[Given entries — start]

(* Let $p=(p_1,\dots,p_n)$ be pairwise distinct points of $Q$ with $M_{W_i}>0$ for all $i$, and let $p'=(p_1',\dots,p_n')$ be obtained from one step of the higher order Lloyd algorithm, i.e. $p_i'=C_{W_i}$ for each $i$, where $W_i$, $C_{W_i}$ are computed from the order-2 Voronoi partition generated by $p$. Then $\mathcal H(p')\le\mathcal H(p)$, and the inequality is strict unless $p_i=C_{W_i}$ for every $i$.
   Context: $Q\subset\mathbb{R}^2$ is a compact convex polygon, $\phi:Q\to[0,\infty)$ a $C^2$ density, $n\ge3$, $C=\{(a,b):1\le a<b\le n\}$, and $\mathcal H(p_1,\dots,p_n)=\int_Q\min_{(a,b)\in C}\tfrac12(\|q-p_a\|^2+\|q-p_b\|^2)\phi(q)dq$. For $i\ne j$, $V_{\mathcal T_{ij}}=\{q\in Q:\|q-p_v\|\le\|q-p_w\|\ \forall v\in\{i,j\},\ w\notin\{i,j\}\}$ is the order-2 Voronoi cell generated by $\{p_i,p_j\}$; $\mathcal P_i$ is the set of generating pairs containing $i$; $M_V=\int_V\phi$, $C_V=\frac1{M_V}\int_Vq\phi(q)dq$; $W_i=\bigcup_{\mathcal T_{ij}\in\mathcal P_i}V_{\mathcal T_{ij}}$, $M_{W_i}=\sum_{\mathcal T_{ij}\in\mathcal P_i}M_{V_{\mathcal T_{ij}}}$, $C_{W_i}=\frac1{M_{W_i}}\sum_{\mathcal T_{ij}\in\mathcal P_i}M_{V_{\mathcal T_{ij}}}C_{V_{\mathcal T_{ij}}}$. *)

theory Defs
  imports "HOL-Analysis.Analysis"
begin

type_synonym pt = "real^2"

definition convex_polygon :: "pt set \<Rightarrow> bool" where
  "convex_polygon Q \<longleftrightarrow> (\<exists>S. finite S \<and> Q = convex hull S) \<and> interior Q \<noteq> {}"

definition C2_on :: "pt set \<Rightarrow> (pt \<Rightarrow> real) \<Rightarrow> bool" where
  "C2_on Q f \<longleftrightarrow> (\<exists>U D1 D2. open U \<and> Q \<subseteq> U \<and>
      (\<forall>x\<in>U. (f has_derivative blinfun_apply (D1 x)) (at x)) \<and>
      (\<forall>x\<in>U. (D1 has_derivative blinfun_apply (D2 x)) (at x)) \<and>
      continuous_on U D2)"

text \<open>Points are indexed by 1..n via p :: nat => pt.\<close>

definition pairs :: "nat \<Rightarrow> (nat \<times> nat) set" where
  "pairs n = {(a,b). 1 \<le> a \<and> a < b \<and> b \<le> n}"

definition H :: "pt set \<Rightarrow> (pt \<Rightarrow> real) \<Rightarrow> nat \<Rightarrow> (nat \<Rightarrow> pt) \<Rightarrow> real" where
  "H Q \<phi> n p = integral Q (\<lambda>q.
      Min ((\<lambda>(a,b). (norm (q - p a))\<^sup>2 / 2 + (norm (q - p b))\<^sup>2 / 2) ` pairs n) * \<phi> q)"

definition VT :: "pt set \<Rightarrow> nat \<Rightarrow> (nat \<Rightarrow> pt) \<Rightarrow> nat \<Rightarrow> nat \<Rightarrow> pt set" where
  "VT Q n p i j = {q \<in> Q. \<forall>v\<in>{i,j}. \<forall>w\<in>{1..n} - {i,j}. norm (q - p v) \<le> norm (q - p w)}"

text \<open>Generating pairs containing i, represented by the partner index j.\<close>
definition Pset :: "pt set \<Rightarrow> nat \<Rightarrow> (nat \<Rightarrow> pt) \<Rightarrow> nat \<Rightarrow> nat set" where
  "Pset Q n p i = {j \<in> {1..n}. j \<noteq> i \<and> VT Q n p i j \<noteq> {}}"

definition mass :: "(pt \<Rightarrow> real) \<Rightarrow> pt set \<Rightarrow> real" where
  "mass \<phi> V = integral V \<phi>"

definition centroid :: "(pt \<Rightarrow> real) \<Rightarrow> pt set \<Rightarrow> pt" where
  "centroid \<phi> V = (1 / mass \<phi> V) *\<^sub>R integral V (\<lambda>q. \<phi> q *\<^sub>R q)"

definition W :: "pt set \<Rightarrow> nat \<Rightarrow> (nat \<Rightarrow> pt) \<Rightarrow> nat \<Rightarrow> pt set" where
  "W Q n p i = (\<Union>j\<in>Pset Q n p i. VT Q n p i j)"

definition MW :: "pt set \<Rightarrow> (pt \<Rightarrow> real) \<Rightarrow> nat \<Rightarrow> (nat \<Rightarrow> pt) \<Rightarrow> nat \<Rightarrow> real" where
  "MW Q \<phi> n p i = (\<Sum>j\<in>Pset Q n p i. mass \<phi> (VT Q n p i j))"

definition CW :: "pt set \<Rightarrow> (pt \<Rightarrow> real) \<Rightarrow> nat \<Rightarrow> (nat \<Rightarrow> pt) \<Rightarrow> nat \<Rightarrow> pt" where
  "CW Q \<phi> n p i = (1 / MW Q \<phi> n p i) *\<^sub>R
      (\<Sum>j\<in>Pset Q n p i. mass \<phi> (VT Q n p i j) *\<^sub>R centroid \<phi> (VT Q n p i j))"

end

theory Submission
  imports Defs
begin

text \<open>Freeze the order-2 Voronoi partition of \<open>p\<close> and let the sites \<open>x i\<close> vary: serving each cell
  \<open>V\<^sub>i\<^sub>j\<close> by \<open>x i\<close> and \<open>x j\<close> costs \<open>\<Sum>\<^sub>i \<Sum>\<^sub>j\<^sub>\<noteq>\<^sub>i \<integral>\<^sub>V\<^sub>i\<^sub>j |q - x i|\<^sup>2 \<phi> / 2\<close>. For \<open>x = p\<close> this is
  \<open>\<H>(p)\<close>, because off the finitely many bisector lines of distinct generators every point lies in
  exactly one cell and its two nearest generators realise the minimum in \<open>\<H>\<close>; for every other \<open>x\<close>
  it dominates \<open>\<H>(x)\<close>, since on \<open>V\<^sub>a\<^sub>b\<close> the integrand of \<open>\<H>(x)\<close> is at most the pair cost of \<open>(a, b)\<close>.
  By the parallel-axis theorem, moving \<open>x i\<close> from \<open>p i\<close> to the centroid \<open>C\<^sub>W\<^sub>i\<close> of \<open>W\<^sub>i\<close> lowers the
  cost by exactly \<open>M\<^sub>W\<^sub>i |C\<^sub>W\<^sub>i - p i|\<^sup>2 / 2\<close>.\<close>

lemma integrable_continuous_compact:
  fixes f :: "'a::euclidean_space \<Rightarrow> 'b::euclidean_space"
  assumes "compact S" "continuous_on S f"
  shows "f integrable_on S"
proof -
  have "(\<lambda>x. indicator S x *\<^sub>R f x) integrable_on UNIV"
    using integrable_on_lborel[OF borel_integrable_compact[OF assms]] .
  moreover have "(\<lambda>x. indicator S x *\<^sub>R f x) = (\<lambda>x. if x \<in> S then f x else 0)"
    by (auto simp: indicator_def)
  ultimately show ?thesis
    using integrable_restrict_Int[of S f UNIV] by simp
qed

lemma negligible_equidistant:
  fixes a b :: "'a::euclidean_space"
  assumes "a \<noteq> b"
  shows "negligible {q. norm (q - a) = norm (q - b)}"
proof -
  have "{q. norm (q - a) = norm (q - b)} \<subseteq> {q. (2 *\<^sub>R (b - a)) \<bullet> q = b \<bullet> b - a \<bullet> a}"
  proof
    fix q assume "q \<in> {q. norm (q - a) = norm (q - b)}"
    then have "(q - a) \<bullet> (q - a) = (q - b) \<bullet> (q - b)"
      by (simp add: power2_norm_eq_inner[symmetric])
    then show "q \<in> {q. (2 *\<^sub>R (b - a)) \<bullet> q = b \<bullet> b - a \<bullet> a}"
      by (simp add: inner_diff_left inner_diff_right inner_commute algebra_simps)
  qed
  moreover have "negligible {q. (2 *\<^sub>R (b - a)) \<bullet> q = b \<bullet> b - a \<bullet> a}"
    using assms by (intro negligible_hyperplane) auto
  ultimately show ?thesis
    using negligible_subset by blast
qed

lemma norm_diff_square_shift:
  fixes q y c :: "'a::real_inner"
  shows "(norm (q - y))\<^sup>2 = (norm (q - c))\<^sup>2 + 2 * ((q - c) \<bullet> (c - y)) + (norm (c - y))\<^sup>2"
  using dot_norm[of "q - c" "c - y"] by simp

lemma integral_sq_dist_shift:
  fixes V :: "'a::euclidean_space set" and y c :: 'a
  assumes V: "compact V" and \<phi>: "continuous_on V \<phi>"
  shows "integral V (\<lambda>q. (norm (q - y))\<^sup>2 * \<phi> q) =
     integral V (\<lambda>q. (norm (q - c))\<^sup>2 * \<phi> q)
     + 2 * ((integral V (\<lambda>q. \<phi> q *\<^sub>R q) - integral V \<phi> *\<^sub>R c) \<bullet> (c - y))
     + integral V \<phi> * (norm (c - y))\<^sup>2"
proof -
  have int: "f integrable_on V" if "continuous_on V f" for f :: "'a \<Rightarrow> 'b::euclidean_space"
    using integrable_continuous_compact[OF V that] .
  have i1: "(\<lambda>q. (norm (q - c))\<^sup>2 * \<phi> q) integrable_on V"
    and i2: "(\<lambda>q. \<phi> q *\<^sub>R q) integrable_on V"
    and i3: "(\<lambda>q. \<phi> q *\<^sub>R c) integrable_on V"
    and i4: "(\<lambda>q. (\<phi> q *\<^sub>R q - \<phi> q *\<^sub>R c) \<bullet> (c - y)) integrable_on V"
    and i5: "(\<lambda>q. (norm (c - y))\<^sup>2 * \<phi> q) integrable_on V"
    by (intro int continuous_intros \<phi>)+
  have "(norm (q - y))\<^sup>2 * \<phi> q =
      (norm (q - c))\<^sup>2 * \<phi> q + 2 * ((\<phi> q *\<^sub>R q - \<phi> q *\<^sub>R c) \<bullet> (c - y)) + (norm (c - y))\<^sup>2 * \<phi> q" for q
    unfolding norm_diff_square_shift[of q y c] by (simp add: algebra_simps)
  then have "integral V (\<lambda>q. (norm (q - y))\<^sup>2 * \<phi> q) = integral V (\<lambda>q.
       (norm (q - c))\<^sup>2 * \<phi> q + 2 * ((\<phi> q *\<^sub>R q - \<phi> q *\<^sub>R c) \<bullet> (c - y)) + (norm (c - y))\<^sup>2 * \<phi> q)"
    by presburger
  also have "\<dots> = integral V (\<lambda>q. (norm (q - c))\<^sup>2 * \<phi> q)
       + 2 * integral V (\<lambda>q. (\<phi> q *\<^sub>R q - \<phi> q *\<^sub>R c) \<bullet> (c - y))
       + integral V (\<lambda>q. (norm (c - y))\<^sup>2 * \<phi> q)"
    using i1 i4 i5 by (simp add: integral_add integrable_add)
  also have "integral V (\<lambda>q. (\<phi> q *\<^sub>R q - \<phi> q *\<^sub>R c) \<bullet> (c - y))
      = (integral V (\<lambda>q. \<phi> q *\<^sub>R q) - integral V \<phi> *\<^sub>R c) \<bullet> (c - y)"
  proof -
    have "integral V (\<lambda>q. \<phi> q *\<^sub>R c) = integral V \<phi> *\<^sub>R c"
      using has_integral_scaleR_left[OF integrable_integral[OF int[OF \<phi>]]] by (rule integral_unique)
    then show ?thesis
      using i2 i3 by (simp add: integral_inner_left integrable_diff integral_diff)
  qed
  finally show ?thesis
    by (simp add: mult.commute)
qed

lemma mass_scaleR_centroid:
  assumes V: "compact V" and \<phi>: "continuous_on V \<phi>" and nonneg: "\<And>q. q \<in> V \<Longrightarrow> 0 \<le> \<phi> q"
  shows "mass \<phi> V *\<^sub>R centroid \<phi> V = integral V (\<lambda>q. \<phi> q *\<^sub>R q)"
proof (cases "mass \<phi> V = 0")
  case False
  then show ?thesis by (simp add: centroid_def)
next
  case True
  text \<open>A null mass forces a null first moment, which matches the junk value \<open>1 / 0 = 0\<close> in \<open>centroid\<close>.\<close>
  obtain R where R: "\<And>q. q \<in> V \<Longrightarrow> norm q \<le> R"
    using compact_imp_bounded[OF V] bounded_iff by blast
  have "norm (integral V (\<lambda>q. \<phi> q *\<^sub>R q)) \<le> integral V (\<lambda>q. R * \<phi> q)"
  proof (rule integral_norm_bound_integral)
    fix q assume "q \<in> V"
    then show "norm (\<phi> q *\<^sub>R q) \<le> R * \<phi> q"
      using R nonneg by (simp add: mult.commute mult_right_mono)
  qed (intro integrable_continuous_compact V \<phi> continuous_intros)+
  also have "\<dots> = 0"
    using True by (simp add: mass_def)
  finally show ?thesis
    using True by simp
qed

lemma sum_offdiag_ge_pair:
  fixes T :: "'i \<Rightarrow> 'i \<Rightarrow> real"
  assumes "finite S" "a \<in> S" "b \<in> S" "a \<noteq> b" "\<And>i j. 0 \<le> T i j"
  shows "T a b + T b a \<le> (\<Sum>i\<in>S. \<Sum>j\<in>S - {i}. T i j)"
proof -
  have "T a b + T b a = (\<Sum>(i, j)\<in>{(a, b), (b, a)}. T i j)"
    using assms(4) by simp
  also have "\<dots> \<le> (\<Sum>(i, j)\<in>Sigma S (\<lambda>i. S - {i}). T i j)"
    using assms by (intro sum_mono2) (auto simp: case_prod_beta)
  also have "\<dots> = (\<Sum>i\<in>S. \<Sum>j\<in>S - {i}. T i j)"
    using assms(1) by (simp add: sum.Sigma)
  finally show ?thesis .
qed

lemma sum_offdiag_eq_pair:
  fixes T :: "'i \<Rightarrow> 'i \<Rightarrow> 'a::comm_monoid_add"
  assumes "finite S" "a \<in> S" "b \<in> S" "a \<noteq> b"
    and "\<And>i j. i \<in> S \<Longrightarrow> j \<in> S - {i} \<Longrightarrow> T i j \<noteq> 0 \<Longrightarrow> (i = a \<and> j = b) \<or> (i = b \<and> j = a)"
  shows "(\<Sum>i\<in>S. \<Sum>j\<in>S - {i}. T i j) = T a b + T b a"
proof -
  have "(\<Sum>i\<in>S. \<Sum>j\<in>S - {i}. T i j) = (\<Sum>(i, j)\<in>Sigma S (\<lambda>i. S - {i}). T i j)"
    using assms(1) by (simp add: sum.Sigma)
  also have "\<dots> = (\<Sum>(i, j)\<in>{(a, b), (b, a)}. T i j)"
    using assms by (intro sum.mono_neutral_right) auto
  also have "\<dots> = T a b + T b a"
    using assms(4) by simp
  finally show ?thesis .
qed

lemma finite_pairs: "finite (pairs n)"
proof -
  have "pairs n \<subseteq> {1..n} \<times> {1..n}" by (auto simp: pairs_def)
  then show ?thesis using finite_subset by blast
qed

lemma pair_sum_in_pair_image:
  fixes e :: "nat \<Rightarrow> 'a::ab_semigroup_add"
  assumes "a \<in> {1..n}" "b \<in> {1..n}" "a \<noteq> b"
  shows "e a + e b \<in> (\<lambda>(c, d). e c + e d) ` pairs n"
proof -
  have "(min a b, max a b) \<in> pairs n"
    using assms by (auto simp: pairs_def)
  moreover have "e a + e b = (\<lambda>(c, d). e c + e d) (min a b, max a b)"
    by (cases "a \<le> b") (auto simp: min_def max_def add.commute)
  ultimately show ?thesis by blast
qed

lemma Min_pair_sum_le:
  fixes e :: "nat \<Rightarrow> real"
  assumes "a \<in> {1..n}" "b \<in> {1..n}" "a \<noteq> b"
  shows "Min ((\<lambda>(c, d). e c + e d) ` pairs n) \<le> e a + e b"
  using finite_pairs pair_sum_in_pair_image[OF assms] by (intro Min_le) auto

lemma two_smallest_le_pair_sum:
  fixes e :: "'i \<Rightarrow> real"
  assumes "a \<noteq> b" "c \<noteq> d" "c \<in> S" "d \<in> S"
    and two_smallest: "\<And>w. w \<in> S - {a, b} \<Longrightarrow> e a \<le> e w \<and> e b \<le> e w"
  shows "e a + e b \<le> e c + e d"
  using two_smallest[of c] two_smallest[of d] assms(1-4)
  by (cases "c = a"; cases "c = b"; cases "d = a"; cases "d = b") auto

[Given entries — finish]
[Given entries — start]

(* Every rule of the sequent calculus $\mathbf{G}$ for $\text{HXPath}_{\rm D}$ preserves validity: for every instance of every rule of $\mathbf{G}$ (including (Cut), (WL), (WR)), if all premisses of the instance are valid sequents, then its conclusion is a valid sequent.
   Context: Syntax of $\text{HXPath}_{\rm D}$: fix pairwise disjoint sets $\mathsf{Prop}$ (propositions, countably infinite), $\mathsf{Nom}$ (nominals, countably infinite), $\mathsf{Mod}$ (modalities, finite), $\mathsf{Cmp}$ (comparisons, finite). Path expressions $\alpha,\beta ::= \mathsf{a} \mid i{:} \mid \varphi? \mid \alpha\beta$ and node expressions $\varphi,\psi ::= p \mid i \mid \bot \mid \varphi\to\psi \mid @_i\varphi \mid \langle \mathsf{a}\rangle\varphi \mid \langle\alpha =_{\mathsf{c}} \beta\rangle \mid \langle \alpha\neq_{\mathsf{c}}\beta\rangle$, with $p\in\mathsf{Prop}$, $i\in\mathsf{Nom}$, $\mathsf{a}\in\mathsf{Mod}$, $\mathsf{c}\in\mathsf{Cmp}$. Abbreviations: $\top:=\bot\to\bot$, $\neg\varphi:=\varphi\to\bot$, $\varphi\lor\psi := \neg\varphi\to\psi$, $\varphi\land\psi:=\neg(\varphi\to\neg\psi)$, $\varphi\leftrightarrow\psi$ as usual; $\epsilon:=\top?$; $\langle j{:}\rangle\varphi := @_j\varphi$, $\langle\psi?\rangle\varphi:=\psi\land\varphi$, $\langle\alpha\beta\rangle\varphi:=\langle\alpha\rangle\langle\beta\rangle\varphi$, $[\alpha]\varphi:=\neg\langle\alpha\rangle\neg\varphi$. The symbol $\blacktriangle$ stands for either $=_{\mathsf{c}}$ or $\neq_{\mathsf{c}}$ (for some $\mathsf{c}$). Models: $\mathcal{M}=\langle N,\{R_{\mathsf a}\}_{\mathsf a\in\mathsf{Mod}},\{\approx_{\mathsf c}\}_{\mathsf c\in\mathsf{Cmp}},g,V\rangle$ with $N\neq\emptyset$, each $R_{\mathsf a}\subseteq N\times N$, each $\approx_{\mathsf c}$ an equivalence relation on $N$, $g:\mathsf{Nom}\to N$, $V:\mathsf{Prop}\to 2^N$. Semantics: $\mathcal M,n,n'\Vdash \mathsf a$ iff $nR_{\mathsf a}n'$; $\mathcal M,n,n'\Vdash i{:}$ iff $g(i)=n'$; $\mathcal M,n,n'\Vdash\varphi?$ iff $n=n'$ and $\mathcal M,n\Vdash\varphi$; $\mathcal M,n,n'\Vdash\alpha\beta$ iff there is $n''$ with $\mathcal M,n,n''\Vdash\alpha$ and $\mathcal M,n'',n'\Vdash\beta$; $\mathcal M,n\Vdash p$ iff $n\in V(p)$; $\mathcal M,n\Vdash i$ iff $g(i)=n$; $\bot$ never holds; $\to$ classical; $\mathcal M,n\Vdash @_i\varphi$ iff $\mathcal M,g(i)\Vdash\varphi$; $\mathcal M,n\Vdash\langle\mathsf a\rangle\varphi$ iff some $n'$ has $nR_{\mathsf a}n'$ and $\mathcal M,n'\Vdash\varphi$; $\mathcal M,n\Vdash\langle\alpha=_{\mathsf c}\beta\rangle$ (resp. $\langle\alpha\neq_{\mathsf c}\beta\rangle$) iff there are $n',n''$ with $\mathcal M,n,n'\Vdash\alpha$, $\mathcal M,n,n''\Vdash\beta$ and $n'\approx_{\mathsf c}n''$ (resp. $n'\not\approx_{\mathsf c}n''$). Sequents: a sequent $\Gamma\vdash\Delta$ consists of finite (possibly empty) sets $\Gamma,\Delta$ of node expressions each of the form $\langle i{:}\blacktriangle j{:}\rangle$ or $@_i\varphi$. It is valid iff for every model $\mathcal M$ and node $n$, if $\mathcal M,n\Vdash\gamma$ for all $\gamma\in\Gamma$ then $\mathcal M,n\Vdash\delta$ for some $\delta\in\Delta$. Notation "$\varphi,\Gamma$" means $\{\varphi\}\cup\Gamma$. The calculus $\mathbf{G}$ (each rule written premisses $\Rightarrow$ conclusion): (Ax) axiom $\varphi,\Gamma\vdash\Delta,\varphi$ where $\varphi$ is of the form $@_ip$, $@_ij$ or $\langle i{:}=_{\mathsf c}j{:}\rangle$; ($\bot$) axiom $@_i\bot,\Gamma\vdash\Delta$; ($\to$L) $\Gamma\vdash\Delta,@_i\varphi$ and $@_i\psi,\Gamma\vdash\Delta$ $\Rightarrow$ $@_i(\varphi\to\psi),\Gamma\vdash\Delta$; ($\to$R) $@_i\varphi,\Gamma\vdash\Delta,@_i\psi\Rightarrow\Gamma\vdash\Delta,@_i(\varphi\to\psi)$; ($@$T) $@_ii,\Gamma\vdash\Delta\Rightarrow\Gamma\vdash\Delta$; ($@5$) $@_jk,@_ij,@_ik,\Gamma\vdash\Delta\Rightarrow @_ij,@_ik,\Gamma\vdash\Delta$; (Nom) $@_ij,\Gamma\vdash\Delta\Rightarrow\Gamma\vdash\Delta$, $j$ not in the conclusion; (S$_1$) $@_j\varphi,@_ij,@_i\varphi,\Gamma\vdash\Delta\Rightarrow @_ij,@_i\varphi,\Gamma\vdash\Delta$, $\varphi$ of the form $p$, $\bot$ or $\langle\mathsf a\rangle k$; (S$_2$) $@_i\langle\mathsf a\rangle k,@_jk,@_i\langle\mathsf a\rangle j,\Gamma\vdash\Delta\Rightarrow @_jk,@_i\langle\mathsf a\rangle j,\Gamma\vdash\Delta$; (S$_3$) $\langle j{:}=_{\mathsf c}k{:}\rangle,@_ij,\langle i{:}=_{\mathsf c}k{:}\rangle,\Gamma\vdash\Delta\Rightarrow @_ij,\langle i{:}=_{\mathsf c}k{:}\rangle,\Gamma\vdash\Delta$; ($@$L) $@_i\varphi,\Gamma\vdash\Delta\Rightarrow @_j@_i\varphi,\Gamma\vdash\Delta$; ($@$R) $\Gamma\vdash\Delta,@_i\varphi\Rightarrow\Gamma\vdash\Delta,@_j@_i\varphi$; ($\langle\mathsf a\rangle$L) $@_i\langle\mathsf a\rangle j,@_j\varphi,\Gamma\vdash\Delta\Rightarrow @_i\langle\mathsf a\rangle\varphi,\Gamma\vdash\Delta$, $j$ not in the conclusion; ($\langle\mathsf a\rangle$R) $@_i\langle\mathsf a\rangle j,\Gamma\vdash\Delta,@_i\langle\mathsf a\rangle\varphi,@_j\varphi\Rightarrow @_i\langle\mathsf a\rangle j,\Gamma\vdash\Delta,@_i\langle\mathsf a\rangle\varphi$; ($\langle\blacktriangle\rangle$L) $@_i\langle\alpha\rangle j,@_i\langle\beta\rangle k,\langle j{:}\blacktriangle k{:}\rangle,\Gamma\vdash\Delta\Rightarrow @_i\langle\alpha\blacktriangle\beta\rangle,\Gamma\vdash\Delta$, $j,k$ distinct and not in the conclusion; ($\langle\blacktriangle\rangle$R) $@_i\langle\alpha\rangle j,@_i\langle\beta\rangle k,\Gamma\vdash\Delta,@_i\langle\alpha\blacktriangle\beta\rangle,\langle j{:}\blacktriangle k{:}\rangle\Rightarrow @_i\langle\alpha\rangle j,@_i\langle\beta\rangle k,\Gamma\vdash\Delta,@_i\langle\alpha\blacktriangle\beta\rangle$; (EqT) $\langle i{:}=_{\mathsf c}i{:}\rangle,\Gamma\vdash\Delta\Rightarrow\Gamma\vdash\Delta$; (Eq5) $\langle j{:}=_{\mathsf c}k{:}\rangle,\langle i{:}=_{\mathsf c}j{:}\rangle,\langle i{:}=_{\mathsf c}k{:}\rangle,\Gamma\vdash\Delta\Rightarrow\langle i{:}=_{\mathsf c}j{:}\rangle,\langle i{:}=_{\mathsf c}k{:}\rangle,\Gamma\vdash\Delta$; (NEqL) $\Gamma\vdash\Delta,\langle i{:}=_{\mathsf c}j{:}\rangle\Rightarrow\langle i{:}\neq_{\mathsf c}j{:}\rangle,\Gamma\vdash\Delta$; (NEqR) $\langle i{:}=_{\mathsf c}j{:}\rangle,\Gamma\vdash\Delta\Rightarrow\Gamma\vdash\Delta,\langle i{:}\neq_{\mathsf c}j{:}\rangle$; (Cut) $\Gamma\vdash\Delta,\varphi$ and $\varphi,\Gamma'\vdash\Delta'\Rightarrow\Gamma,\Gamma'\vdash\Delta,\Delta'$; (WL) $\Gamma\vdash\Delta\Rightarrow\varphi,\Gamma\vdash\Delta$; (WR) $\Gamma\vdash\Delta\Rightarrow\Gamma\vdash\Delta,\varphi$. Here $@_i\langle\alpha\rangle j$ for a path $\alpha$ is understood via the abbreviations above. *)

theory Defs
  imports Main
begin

[Given entries — finish]

Work required:
Your reply should hold every line from the data that contains "cases", copied in full.

Your solution:
proof (cases "mass \<phi> V = 0")
    by (cases "a \<le> b") (auto simp: min_def max_def add.commute)
  by (cases "c = a"; cases "c = b"; cases "d = a"; cases "d = b") auto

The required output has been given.